The [return message](./../../utils/agents/return_message.py) components for the return message contain an initialization method for the llm with the [return message prompt](./../../prompt_engineering/prompts/llama3_8b-prompt_engineering-return_message_prompt.yaml).  

To demonstrate how you can customize the overall feel of the assistant, I've also added: [Canadian return message prompt](./../../prompt_engineering/prompts/llama3_8b-prompt_engineering-return_message_prompt_CAD.yaml) and will use this for the notebook and this portion of the repo.
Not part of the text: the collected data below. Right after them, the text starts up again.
lemma theta_le_off_slab:
  fixes \<rho> \<sigma> :: "real^'n::finite \<Rightarrow> int extended" and R :: real
  defines "p \<equiv> (real CARD('n) + 1) / real CARD('n)" and "c \<equiv> (\<chi> i. R + 1) :: real^'n"
  assumes lam: "lam \<in> Lambda"
    and agree: "\<forall>x. \<rho> (clamp u x) = \<sigma> (clamp u (apply_tc lam x))"
    and close: "\<forall>x. infnorm (clamp u (apply_tc lam x) - clamp u x) \<le> \<eta>"
    and \<eta>: "\<eta> < \<delta>" "\<eta> < 1" "2 * \<eta> \<le> \<epsilon>"
    and b: "infnorm b \<le> R" "b \<notin> slab S \<delta> R"
    and far: "\<And>h x. h \<le> h\<^sub>0 \<Longrightarrow> x \<in> superlevel \<rho> c h \<union> superlevel \<sigma> c h \<Longrightarrow> infnorm x \<le> \<epsilon> / 2 * \<bar>real_of_int h\<bar> powr p"
    and far_b: "\<And>h. h \<le> h\<^sub>0 \<Longrightarrow> R \<le> \<epsilon> / 2 * \<bar>real_of_int h\<bar> powr p"
    and near: "\<And>x. x \<in> superlevel \<rho> c h\<^sub>0 \<union> superlevel \<sigma> c h\<^sub>0 \<Longrightarrow> infnorm x \<le> R\<^sub>1"
    and R\<^sub>1: "R + 1 \<le> R\<^sub>1" and u: "R\<^sub>1 + 2 \<le> u"
    and cells: "constant_on_cells S (\<chi> i. - (R\<^sub>1 + 1)) (\<chi> i. R + 2) \<sigma>"
  shows "theta b \<rho> \<sigma> \<le> ennreal \<epsilon>"
proof -
  have "b$i \<le> R + 1" for i using b(1) component_le_infnorm_cart[of b i] by linarith
  then have bc: "b \<le> c" by (simp add: c_def less_eq_vec_def)
  have "\<bar>real_of_int h\<bar> powr (- p) * infnorm (ybh b h \<rho> - ybh b h \<sigma>) \<le> \<epsilon>" if h: "h \<le> -1" for h
  proof (cases "h \<le> h\<^sub>0")
    case True
    have "infnorm (ybh b h \<rho> - ybh b h \<sigma>) \<le> 2 * (\<epsilon> / 2 * \<bar>real_of_int h\<bar> powr p)"
      using far[OF True] far_b[OF True] b(1) superlevel_antimono[OF order_refl bc]
      by (intro infnorm_ybh_diff_le_far_level) (blast, blast, linarith)
    then show ?thesis using h by (simp add: powr_neg_mult_le_iff)
  next
    case False
    have "infnorm (ybh b h \<rho> - ybh b h \<sigma>) \<le> 2 * \<eta>"
    proof (rule infnorm_ybh_diff_le_near_level[OF lam agree close \<eta>(1,2) b _ R\<^sub>1 u cells])
      show "infnorm x \<le> R\<^sub>1" if "x \<in> superlevel \<rho> (\<chi> i. R + 1) h \<union> superlevel \<sigma> (\<chi> i. R + 1) h" for x
        using that near superlevel_antimono[of h\<^sub>0 h c c] False unfolding c_def by auto
    qed
    moreover have "1 \<le> \<bar>real_of_int h\<bar> powr p" using h by (simp add: p_def ge_one_powr_ge_zero)
    then have "\<bar>real_of_int h\<bar> powr (- p) \<le> 1" by (simp add: powr_minus inverse_le_1_iff)
    ultimately have "\<bar>real_of_int h\<bar> powr (- p) * infnorm (ybh b h \<rho> - ybh b h \<sigma>) \<le> 1 * (2 * \<eta>)"
      by (intro mult_mono) (auto simp: infnorm_pos_le)
    with \<eta>(3) show ?thesis by simp
  qed
  moreover have "- (real CARD('n) + 1) / real CARD('n) = - p" by (simp only: p_def minus_divide_left)
  ultimately show ?thesis unfolding theta_def by (intro SUP_least ennreal_leI) auto
qed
## Putting together the CRAG/Search Team with supervisor routing

We will first define the team's state as usual:

    class TeamRAGGraphState(TypedDict):
        """
        Represents the state of a team's RAG graph.

        Args:
            question: The user question being asked.
            generation: The most recent generation of the team.
            documents: A list of documents retrieved from the vectorstore.
            answers: A list of answers provided by the team.
            original_question: The original question being asked, in case of subquery generation, query reformulation, etc.
            next: The next step in the pipeline.
        """

        question: str
        generation: str
        documents: List[str]
        answers: List[str]
        original_question: str
        next: str

Note that we do not actually need the question_history or answer_history keys, because we will end up updating the supervisor's state directly, even though it will be embedded in the overall team.  

Here's where things get really fun.  We will initialize the team with agents or teams of agents:

        def __init__(
            self,
            supervisor_app: CompiledGraph,
            rag_app: CompiledGraph,
            search_app: CompiledGraph,
            return_app: CompiledGraph,
        ) -> None:
            """
            Initializes the Corrective RAG Team.

            Args:
                supervisor_app: The supervisor application.
                rag_app: The RAG application.
                search_app: The search application.
                return_app: The return message application.
            """

            self.team_app = StateGraph(TeamRAGGraphState)
            self.supervisor_app = supervisor_app
            self.rag_app = rag_app
            self.search_app = search_app
            self.return_app = return_app

These agents were instantiated previously, so we simply pass them to the supervisor.  In this case the supervisor has been set up to specifically take in the apps specified.  Though not generalized completely, this is still nice, since all we need to do is setup the appropriate nodes, which call the apps:

        def create_team_graph(self) -> None:
            """
            Creates the nodes for the TeamCRAG graph state.

            Returns:
                The StateGraph object containing the nodes for the TeamCRAG graph state.
            """

            self.team_app.add_node('supervisor', self.supervisor_app)
            self.team_app.add_node('rag', self.rag_app)
            self.team_app.add_node('search', self.search_app)
            self.team_app.add_node('return_message', self.return_app)

And then build the edges between the nodes as a workflow and compile as done previously for other teams:

        def build_team_graph(self) -> CompiledGraph:
            """
            Builds a graph for the TeamCRAG workflow.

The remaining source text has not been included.